Work to be completed — What lines in the records include the string "VTop"? Return each one.
Segment Start: Records
definition is_unit_basic_set :: "('a, 'm) monoid_scheme \<Rightarrow> 'a set set \<Rightarrow> 'a set \<Rightarrow> bool" where
  "is_unit_basic_set G S B0 \<longleftrightarrow>
     B0 \<in> S \<and> (\<forall>Y\<in>S. \<forall>Z\<in>S. struct_const G B0 Y Z = (if Y = Z then 1 else 0))"

text \<open>In an orbit S-ring with unit basic set \<open>{e}\<close>, \<open>c\<^sup>e\<^sub>U\<^sub>U\<close> is \<open>|U|\<close> if \<open>U = U\<inverse>\<close> and
  \<open>0\<close> otherwise. So the first invariant says that some nontrivial basic set is a singleton
  \<open>{t}\<close> with \<open>t\<^sup>2 = e\<close>, the second that every basic set is closed under inversion.\<close>

definition has_thin_symmetric_set :: "('a, 'm) monoid_scheme \<Rightarrow> 'a set set \<Rightarrow> 'a set \<Rightarrow> bool" where
  "has_thin_symmetric_set G S B0 \<longleftrightarrow> (\<exists>U\<in>S. U \<noteq> B0 \<and> struct_const G U U B0 = 1)"

definition symmetric_sring :: "('a, 'm) monoid_scheme \<Rightarrow> 'a set set \<Rightarrow> 'a set \<Rightarrow> bool" where
  "symmetric_sring G S B0 \<longleftrightarrow> (\<forall>U\<in>S. struct_const G U U B0 \<noteq> 0)"

lemma struct_const_preserving_bij_unit_basic_set:
  assumes bij: "bij_betw f S T"
    and pres: "\<forall>A\<in>S. \<forall>B\<in>S. \<forall>C\<in>S. struct_const H (f A) (f B) (f C) = struct_const G A B C"
    and unit: "is_unit_basic_set G S B0"
  shows "is_unit_basic_set H T (f B0)"
  unfolding is_unit_basic_set_def
proof (intro conjI ballI)
  show "f B0 \<in> T" using unit bij bij_betwE unfolding is_unit_basic_set_def by blast
next
  fix Y Z assume "Y \<in> T" "Z \<in> T"
  then obtain Y' Z' where Y': "Y' \<in> S" "Y = f Y'" and Z': "Z' \<in> S" "Z = f Z'"
    using bij by (auto simp: bij_betw_def)
  have "Y = Z \<longleftrightarrow> Y' = Z'" using Y' Z' bij by (auto simp: bij_betw_def inj_on_def)
  then show "struct_const H (f B0) Y Z = (if Y = Z then 1 else 0)"
    using unit pres Y' Z' unfolding is_unit_basic_set_def by auto
qed
lemma Top_scalar_symbol:
  assumes "scalar_symbol \<alpha> \<sigma>"
  shows "Top q sc star h t \<sigma> f = inverse_fourier (fsupp star h t f) (sym_mult \<alpha> (fhat star h t f))"
  unfolding Top_def inverse_fourier_def
proof (rule sum.cong[OF refl])
  fix n
  let ?c = "\<lambda>a. complex_of_real (q powr (- of_int (hint n a)))" and ?F = "fhat star h t f"
  have "(\<Sum>a\<le>n. \<Sum>j\<le>n. \<Sum>k\<le>n. sc (?c a * ?F n j k) (\<sigma> n a j * t n k a))
      = (\<Sum>a\<le>n. \<Sum>j\<le>n. \<Sum>k\<le>n. sc (?c a * ?F n j k * \<alpha> n a j) (t n k a))"
    using assms unfolding scalar_symbol_def by (intro sum.cong refl) (simp add: scale_one_mult)
  also have "\<dots> = (\<Sum>a\<le>n. \<Sum>k\<le>n. \<Sum>j\<le>n. sc (?c a * ?F n j k * \<alpha> n a j) (t n k a))"
    by (intro sum.cong refl sum.swap)
  also have "\<dots> = (\<Sum>a\<le>n. \<Sum>k\<le>n. sc (?c a * sym_mult \<alpha> ?F n a k) (t n k a))"
    unfolding sym_mult_def by (simp add: scale_sum_left sum_distrib_left mult_ac)
  finally show "sc (complex_of_real (qnum q (real n + 1)))
      (\<Sum>a\<le>n. \<Sum>j\<le>n. \<Sum>k\<le>n. sc (?c a * ?F n j k) (\<sigma> n a j * t n k a)) =
    sc (complex_of_real (qnum q (real n + 1)))
      (\<Sum>a\<le>n. \<Sum>k\<le>n. sc (?c a * sym_mult \<alpha> ?F n a k) (t n k a))"
    by simp
qed

lemma fhat_Top:
  assumes "scalar_symbol \<alpha> \<sigma>" "x \<le> n" "y \<le> n"
  shows "fhat star h t (Top q sc star h t \<sigma> f) n x y = sym_mult \<alpha> (fhat star h t f) n x y"
proof (cases "n \<in> fsupp star h t f")
  case False
  then have "fhat star h t f n j y = 0" if "j \<le> n" for j
    using that assms(3) unfolding fsupp_def by auto
  then show ?thesis
    using False assms by (simp add: Top_scalar_symbol fhat_inverse_fourier finite_fsupp sym_mult_def)
qed (use assms in \<open>simp add: Top_scalar_symbol fhat_inverse_fourier finite_fsupp\<close>)

end

theorem mainTheorem4:
  fixes q :: real and sc :: "complex \<Rightarrow> 'v::ring_1 \<Rightarrow> 'v" and star :: "'v \<Rightarrow> 'v"
    and h :: "'v \<Rightarrow> complex" and t :: "nat \<Rightarrow> nat \<Rightarrow> nat \<Rightarrow> 'v"
    and \<sigma>A \<sigma>B :: "'v symbol"
  assumes "SUq2_data q sc star h t"
    and "\<sigma>A \<in> Phi sc t 0" and "\<sigma>B \<in> Phi sc t 0"
  shows "Top q sc star h t \<sigma>A \<circ> Top q sc star h t \<sigma>B = Top q sc star h t (sym_mult \<sigma>A \<sigma>B)"
proof
  interpret SUq2 q sc star h t
    by (rule SUq2.intro) (rule assms(1))
  obtain \<alpha> \<beta> where A: "scalar_symbol \<alpha> \<sigma>A" and B: "scalar_symbol \<beta> \<sigma>B"
    using Phi_zero_scalar_symbol assms(2,3) by metis
  have AB: "scalar_symbol (sym_mult \<alpha> \<beta>) (sym_mult \<sigma>A \<sigma>B)"
    using A B by (rule scalar_symbol_sym_mult)
  fix f
  show "(Top q sc star h t \<sigma>A \<circ> Top q sc star h t \<sigma>B) f = Top q sc star h t (sym_mult \<sigma>A \<sigma>B) f"
  proof (rule fourier_eqI)
    fix n a b :: nat
    assume "a \<le> n" "b \<le> n"
    then have "fhat star h t (Top q sc star h t \<sigma>A (Top q sc star h t \<sigma>B f)) n a b =
        sym_mult \<alpha> (sym_mult \<beta> (fhat star h t f)) n a b"
      by (simp add: fhat_Top[OF A] fhat_Top[OF B] sym_mult_def)
    also have "\<dots> = fhat star h t (Top q sc star h t (sym_mult \<sigma>A \<sigma>B) f) n a b"
      using \<open>a \<le> n\<close> \<open>b \<le> n\<close> by (simp add: fhat_Top[OF AB] sym_mult_assoc)
    finally show "fhat star h t ((Top q sc star h t \<sigma>A \<circ> Top q sc star h t \<sigma>B) f) n a b =
        fhat star h t (Top q sc star h t (sym_mult \<sigma>A \<sigma>B) f) n a b"
      by simp
  qed
qed

end
(* Let $\varphi$ be an individually rational rule. There exists a pick-an-object mechanism (i.e. a menu function $\mathbb{S}$) that sequentializes $\varphi$ if and only if $\varphi$ satisfies monotonic discoverability.
   Context: Let $A=\{a_1,\dots,a_n\}$ be a finite set of agents and $O=\{o_1,\dots,o_m\}\cup\{\emptyset\}$ a finite set of object types, where $\emptyset$ is the null object. Each agent $a$ has a strict preference $P_a$ (a linear order) over $O$, with weak version $R_a$ ($oR_ao'$ iff $oP_ao'$ or $o=o'$). $\mathbb{P}$ is the set of strict preferences over $O$, $\mathcal{P}=\mathbb{P}^n$ the set of preference profiles $P=(P_{a_1},\dots,P_{a_n})$. An allocation is any function $\mu:A\to O$; $\mathcal{M}$ is the set of allocations. A rule is a function $\varphi:\mathcal{P}\to\mathcal{M}$, with $\varphi_a(P)=\varphi(P)(a)$. $\varphi$ is individually rational if $\varphi_a(P)\,R_a\,\emptyset$ for all $P\in\mathcal{P}$, $a\in A$. Lower contour set: for $P\in\mathcal{P}$ and an allocation $\mu$, $\mathcal{L}(P,\mu)$ is the set of profiles $P'\in\mathcal{P}$ such that, for every agent $a$, $P'_a$ agrees with $P_a$ on $\mu(a)$ and on all objects that $P_a$ ranks above $\mu(a)$ (the same objects are ranked above $\mu(a)$, in the same order), while $P'_a$ may differ arbitrarily on objects ranked below $\mu(a)$ by $P_a$. A rule $\varphi$ satisfies monotonic discoverability if for every allocation $\mu$ and every $P\in\mathcal{P}$, either $\varphi(P)=\mu$, or there is an agent $a^*\in A$ such that $\varphi_{a^*}(P')\neq\mu(a^* )$ for all $P'\in\mathcal{L}(P,\mu)$. Pick-an-object mechanisms: a choice history is a finite (possibly empty) sequence $h=((\Omega_1,\omega_1),\dots,(\Omega_k,\omega_k))$ with $\Omega_j\subseteq O$ and $\omega_j\in\Omega_j$; its last choice is $\omega_k$. A preference $P_a$ is consistent with $h$ if $\omega_j R_a o$ for all $j$ and all $o\in\Omega_j$. A collective history $h^A=(h_1,\dots,h_n)$ is an $n$-tuple of choice histories (one per agent); $h^{A-\emptyset}$ denotes the tuple of empty histories. A menu function $\mathbb{S}$ assigns to each collective history an $n$-tuple of subsets of $O$ (menus) such that all menus in $\mathbb{S}(h^{A-\emptyset})$ are non-empty, and for any other collective history $h^A$ in which agent $i$'s history ends with $(\Omega_k,\omega_k)$, agent $i$'s menu is a subset of $\Omega_k\setminus\{\omega_k\}$. The pick-an-object mechanism $\mathbb{S}$ runs as follows: in period 1 every agent chooses one element from her menu in $\mathbb{S}(h^{A-\emptyset})$, and (menu, choice) is appended to her history. In each period $t>1$, with current collective history $h^A$, if every menu in $\mathbb{S}(h^A)$ is empty the procedure stops and each agent is assigned the last object she chose; otherwise each agent with a non-empty menu chooses one element of it and (menu, choice) is appended to her history, while agents with empty menus make no choice. An agent follows the straightforward strategy with respect to $P_a$ if whenever presented with a menu she chooses its $P_a$-most-preferred element. $\mathbb{S}$ sequentializes $\varphi$ if for every $P\in\mathcal{P}$, when every agent $a$ follows the straightforward strategy with respect to $P_a$, the mechanism outputs $\varphi(P)$. *)

theory Defs
  imports Main
begin

text \<open>Objects: the type 'o option, where None is the null object and Some o are the
  object types o_1..o_m. Agents: a finite type 'ag.\<close>

type_synonym 'o obj = "'o option"

text \<open>A strict preference P over objects: P x y means x is strictly preferred to y.\<close>
type_synonym 'o pref = "'o obj \<Rightarrow> 'o obj \<Rightarrow> bool"

definition strict_pref :: "'o pref \<Rightarrow> bool" where
  "strict_pref P \<longleftrightarrow> (\<forall>x. \<not> P x x) \<and> (\<forall>x y z. P x y \<longrightarrow> P y z \<longrightarrow> P x z)
     \<and> (\<forall>x y. x \<noteq> y \<longrightarrow> P x y \<or> P y x)"

definition weak_pref :: "'o pref \<Rightarrow> 'o obj \<Rightarrow> 'o obj \<Rightarrow> bool" where
  "weak_pref P x y \<longleftrightarrow> P x y \<or> x = y"

type_synonym ('ag, 'o) profile = "'ag \<Rightarrow> 'o pref"
type_synonym ('ag, 'o) allocation = "'ag \<Rightarrow> 'o obj"
type_synonym ('ag, 'o) rule = "('ag, 'o) profile \<Rightarrow> ('ag, 'o) allocation"

definition is_profile :: "('ag, 'o) profile \<Rightarrow> bool" where
  "is_profile P \<longleftrightarrow> (\<forall>a. strict_pref (P a))"

definition individually_rational :: "('ag, 'o) rule \<Rightarrow> bool" where
  "individually_rational \<phi> \<longleftrightarrow> (\<forall>P a. is_profile P \<longrightarrow> weak_pref (P a) (\<phi> P a) None)"

definition lower_contour :: "('ag, 'o) profile \<Rightarrow> ('ag, 'o) allocation \<Rightarrow> ('ag, 'o) profile set" where
  "lower_contour P \<mu> = {P'. is_profile P' \<and>
     (\<forall>a. {x. P' a x (\<mu> a)} = {x. P a x (\<mu> a)} \<and>
          (\<forall>x y. P a x (\<mu> a) \<longrightarrow> P a y (\<mu> a) \<longrightarrow> (P' a x y \<longleftrightarrow> P a x y)))}"

definition monotonic_discoverability :: "('ag, 'o) rule \<Rightarrow> bool" where
  "monotonic_discoverability \<phi> \<longleftrightarrow>
     (\<forall>\<mu> P. is_profile P \<longrightarrow>
        \<phi> P = \<mu> \<or> (\<exists>a. \<forall>P' \<in> lower_contour P \<mu>. \<phi> P' a \<noteq> \<mu> a))"

type_synonym 'o history = "('o obj set \<times> 'o obj) list"
type_synonym ('ag, 'o) coll_history = "'ag \<Rightarrow> 'o history"
type_synonym ('ag, 'o) menu_fun = "('ag, 'o) coll_history \<Rightarrow> 'ag \<Rightarrow> 'o obj set"

definition choice_history :: "'o history \<Rightarrow> bool" where
  "choice_history h \<longleftrightarrow> (\<forall>p \<in> set h. snd p \<in> fst p)"

definition empty_history :: "('ag, 'o) coll_history" where
  "empty_history = (\<lambda>_. [])"

definition menu_function :: "('ag, 'o) menu_fun \<Rightarrow> bool" where
  "menu_function S \<longleftrightarrow>
     (\<forall>a. S empty_history a \<noteq> {}) \<and>
     (\<forall>h. (\<forall>a. choice_history (h a)) \<and> h \<noteq> empty_history \<longrightarrow>
        (\<forall>a. h a \<noteq> [] \<longrightarrow> S h a \<subseteq> fst (last (h a)) - {snd (last (h a))}))"

definition best :: "'o pref \<Rightarrow> 'o obj set \<Rightarrow> 'o obj" where
  "best R M = (THE x. x \<in> M \<and> (\<forall>y \<in> M. y \<noteq> x \<longrightarrow> R x y))"

text \<open>One period of the mechanism under straightforward play: every agent with a
  non-empty menu picks her most preferred element of it.\<close>
definition mech_step :: "('ag, 'o) menu_fun \<Rightarrow> ('ag, 'o) profile \<Rightarrow> ('ag, 'o) coll_history \<Rightarrow> ('ag, 'o) coll_history" where
  "mech_step S P h = (\<lambda>a. if S h a = {} then h a else h a @ [(S h a, best (P a) (S h a))])"

definition mech_hist :: "('ag, 'o) menu_fun \<Rightarrow> ('ag, 'o) profile \<Rightarrow> nat \<Rightarrow> ('ag, 'o) coll_history" where
  "mech_hist S P t = (mech_step S P ^^ t) empty_history"

text \<open>The mechanism stops at the (first) history where all menus are empty (such a history
  is a fixpoint of mech_step, hence unique), and each agent gets her last choice.\<close>
definition sequentializes :: "('ag, 'o) menu_fun \<Rightarrow> ('ag, 'o) rule \<Rightarrow> bool" where
  "sequentializes S \<phi> \<longleftrightarrow>
     (\<forall>P. is_profile P \<longrightarrow>
        (\<exists>t. (\<forall>a. S (mech_hist S P t) a = {}) \<and>
             (\<forall>a. snd (last (mech_hist S P t a)) = \<phi> P a)))"

end

theory Submission
  imports Defs
begin

text \<open>
  Necessity: suppose \<open>S\<close> sequentializes \<open>\<phi>\<close> and \<open>\<phi> P \<noteq> \<mu>\<close>. If under straightforward play at \<open>P\<close>
  no agent \<open>b\<close> ever picks an object she ranks below \<open>\<mu> b\<close>, then only the parts of the preferences
  above \<open>\<mu>\<close> are ever consulted, so every profile of \<open>L(P, \<mu>)\<close> generates the same run and the
  allocation \<open>\<phi> P \<noteq> \<mu>\<close>. Otherwise take the first period in which some \<open>b\<close> does so: up to that
  period every profile of \<open>L(P, \<mu>)\<close> generates the same run, \<open>b\<close>'s menu then misses \<open>\<mu> b\<close>, and all
  her later choices are taken from that menu.

  Sufficiency: let every agent walk down her preference list, one object per period, for as long as
  no profile consistent with what has been revealed assigns her the object she currently holds.
  When everybody has stopped, every profile consistent with the revealed information lies in the
  lower contour set \<open>L(P, \<mu>)\<close> of the current choices \<open>\<mu>\<close>. So if \<open>\<mu> \<noteq> \<phi> P\<close>, the agent singled out by
  monotonic discoverability would not have stopped.
\<close>

section \<open>Strict preferences and their best elements\<close>

lemma strict_pref_irrefl: "strict_pref R \<Longrightarrow> \<not> R x x"
  by (simp add: strict_pref_def)

lemma strict_pref_trans: "strict_pref R \<Longrightarrow> R x y \<Longrightarrow> R y z \<Longrightarrow> R x z"
  unfolding strict_pref_def by blast

lemma strict_pref_total: "strict_pref R \<Longrightarrow> x \<noteq> y \<Longrightarrow> R x y \<or> R y x"
  unfolding strict_pref_def by blast
text \<open>Terms generated from elementary attributes, bot, top, negation and countable
  join/meet.  Finite joins/meets are identified with countable ones padded by bot/top.\<close>

datatype 'a vterm = Atom 'a | VBot | VTop | VNeg "'a vterm"
  | VJoin "nat \<Rightarrow> 'a vterm" | VMeet "nat \<Rightarrow> 'a vterm"

definition vjoin2 :: "'a vterm \<Rightarrow> 'a vterm \<Rightarrow> 'a vterm" where
  "vjoin2 A B = VJoin (\<lambda>k. if k = 0 then A else if k = 1 then B else VBot)"

definition vmeet2 :: "'a vterm \<Rightarrow> 'a vterm \<Rightarrow> 'a vterm" where
  "vmeet2 A B = VMeet (\<lambda>k. if k = 0 then A else if k = 1 then B else VTop)"

definition vterms :: "'a set \<Rightarrow> 'a vterm set" where
  "vterms \<Omega> = {t. set_vterm t \<subseteq> \<Omega>}"

definition unit_closed :: "(real \<Rightarrow> real \<Rightarrow> real) \<Rightarrow> bool" where
  "unit_closed f \<longleftrightarrow> (\<forall>x\<in>{0..1}. \<forall>y\<in>{0..1}. f x y \<in> {0..1})"

definition tnorm :: "(real \<Rightarrow> real \<Rightarrow> real) \<Rightarrow> bool" where
  "tnorm T \<longleftrightarrow> unit_closed T
     \<and> (\<forall>x\<in>{0..1}. \<forall>y\<in>{0..1}. T x y = T y x)
     \<and> (\<forall>x\<in>{0..1}. \<forall>y\<in>{0..1}. \<forall>z\<in>{0..1}. T (T x y) z = T x (T y z))
     \<and> (\<forall>x\<in>{0..1}. \<forall>x'\<in>{0..1}. \<forall>y\<in>{0..1}. x \<le> x' \<longrightarrow> T x y \<le> T x' y)
     \<and> (\<forall>x\<in>{0..1}. T x 1 = x)"
(* There is no functional $M$ of type $3$ with $\mathsf{PR}(M)$ which is Kleene-computable (via the schemes S1–S9) in some functional $H$ of type $2$.
   Context: $C=2^{\mathbb N}$ is Cantor space. For $f\in C$ and $n\in\mathbb N$, $\overline{f}n=\langle f(0),\dots,f(n-1)\rangle$, and for a finite binary sequence $\sigma$, $[\sigma]$ is the set of $g\in C$ extending $\sigma$. For $F,G:C\to\mathbb N$, $\mathsf{LOC}(F,G)$ means $(\forall f,g\in C)\big(g\in[\overline{f}G(f)]\to F(g)\le G(f)\big)$ ($G$ is a realiser for local boundedness of $F$). For a functional $M$ mapping functionals $G:C\to\mathbb N$ to natural numbers, $\mathsf{PR}(M)$ means $(\forall F,G:C\to\mathbb N)\big(\mathsf{LOC}(F,G)\to(\forall g\in C)(F(g)\le M(G))\big)$; such $M$ is called a Pincherle realiser (PR). Computability is Kleene's higher-order computability given by the schemes S1–S9. *)

theory Defs
  imports Main "HOL-Library.Countable"
begin

text \<open>Type-1 objects are nat => nat, type-2 objects are (nat => nat) => nat,
  type-3 objects are ((nat => nat) => nat) => nat.  Functionals F, G : C -> N are represented
  by type-2 objects, of which only the restriction to C matters.\<close>

definition cantor :: "(nat \<Rightarrow> nat) set" where
  "cantor = {f. \<forall>n. f n \<le> 1}"

definition cbar :: "(nat \<Rightarrow> nat) \<Rightarrow> nat \<Rightarrow> nat list" where
  "cbar f n = map f [0..<n]"
section \<open>The Hamiltonian\<close>

locale lipschitz_compact_multifun =
  fixes F :: "'a::euclidean_space \<Rightarrow> 'a set" and L :: real
  assumes F_ne: "\<And>y. F y \<noteq> {}" and F_compact: "\<And>y. compact (F y)"
    and L_nonneg: "L \<ge> 0" and F_lipschitz: "\<And>y z v. v \<in> F y \<Longrightarrow> \<exists>w\<in>F z. dist v w \<le> L * dist y z"
begin

lemma inner_le_hamiltonian: "v \<in> F y \<Longrightarrow> q \<bullet> v \<le> hamiltonian F y q"
proof -
  obtain B where "\<forall>v\<in>F y. norm v \<le> B" using compact_imp_bounded[OF F_compact] bounded_iff by blast
  then have "bdd_above ((\<lambda>v. q \<bullet> v) ` F y)"
    by (intro bdd_aboveI2[of _ _ "norm q * B"])
       (meson norm_cauchy_schwarz mult_left_mono norm_ge_zero order_trans)
  then show "v \<in> F y \<Longrightarrow> q \<bullet> v \<le> hamiltonian F y q"
    unfolding hamiltonian_def by (rule cSUP_upper2) auto
qed

lemma hamiltonian_le: "(\<And>v. v \<in> F y \<Longrightarrow> q \<bullet> v \<le> c) \<Longrightarrow> hamiltonian F y q \<le> c"
  unfolding hamiltonian_def by (rule cSUP_least[OF F_ne])

lemma hamiltonian_scaleR:
  assumes "c > 0"
  shows "hamiltonian F y (c *\<^sub>R q) = c * hamiltonian F y q"
proof (rule antisym)
  show "hamiltonian F y (c *\<^sub>R q) \<le> c * hamiltonian F y q"
    using inner_le_hamiltonian assms by (intro hamiltonian_le) (simp add: mult_left_mono)
  have "hamiltonian F y q \<le> hamiltonian F y (c *\<^sub>R q) / c"
  proof (rule hamiltonian_le)
    fix v assume "v \<in> F y"
    then have "(c *\<^sub>R q) \<bullet> v \<le> hamiltonian F y (c *\<^sub>R q)" by (rule inner_le_hamiltonian)
    then show "q \<bullet> v \<le> hamiltonian F y (c *\<^sub>R q) / c" using assms by (simp add: pos_le_divide_eq mult.commute)
  qed
  then show "c * hamiltonian F y q \<le> hamiltonian F y (c *\<^sub>R q)"
    using assms by (simp add: pos_le_divide_eq mult.commute)
qed

lemma hamiltonian_lipschitz_state:
  "\<bar>hamiltonian F y q - hamiltonian F z q\<bar> \<le> L * norm q * norm (y - z)"
proof -
  have "hamiltonian F y q \<le> hamiltonian F z q + L * norm q * norm (y - z)" for y z
  proof (rule hamiltonian_le)
    fix v assume "v \<in> F y"
    then obtain w where "w \<in> F z" "norm (v - w) \<le> L * norm (y - z)"
      using F_lipschitz[OF \<open>v \<in> F y\<close>, of z] by (auto simp: dist_norm)
    then have "q \<bullet> w \<le> hamiltonian F z q" "q \<bullet> (v - w) \<le> norm q * (L * norm (y - z))"
      using inner_le_hamiltonian norm_cauchy_schwarz[of q "v - w"] mult_left_mono[of _ _ "norm q"]
      by (auto intro: order_trans)
    then show "q \<bullet> v \<le> hamiltonian F z q + L * norm q * norm (y - z)"
      by (simp add: inner_diff_right algebra_simps)
  qed
  from this[of y z] this[of z y] show ?thesis by (simp add: norm_minus_commute abs_le_iff)
qed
Segment End: Records
Solution to this exercise —
datatype 'a vterm = Atom 'a | VBot | VTop | VNeg "'a vterm"
  "vmeet2 A B = VMeet (\<lambda>k. if k = 0 then A else if k = 1 then B else VTop)"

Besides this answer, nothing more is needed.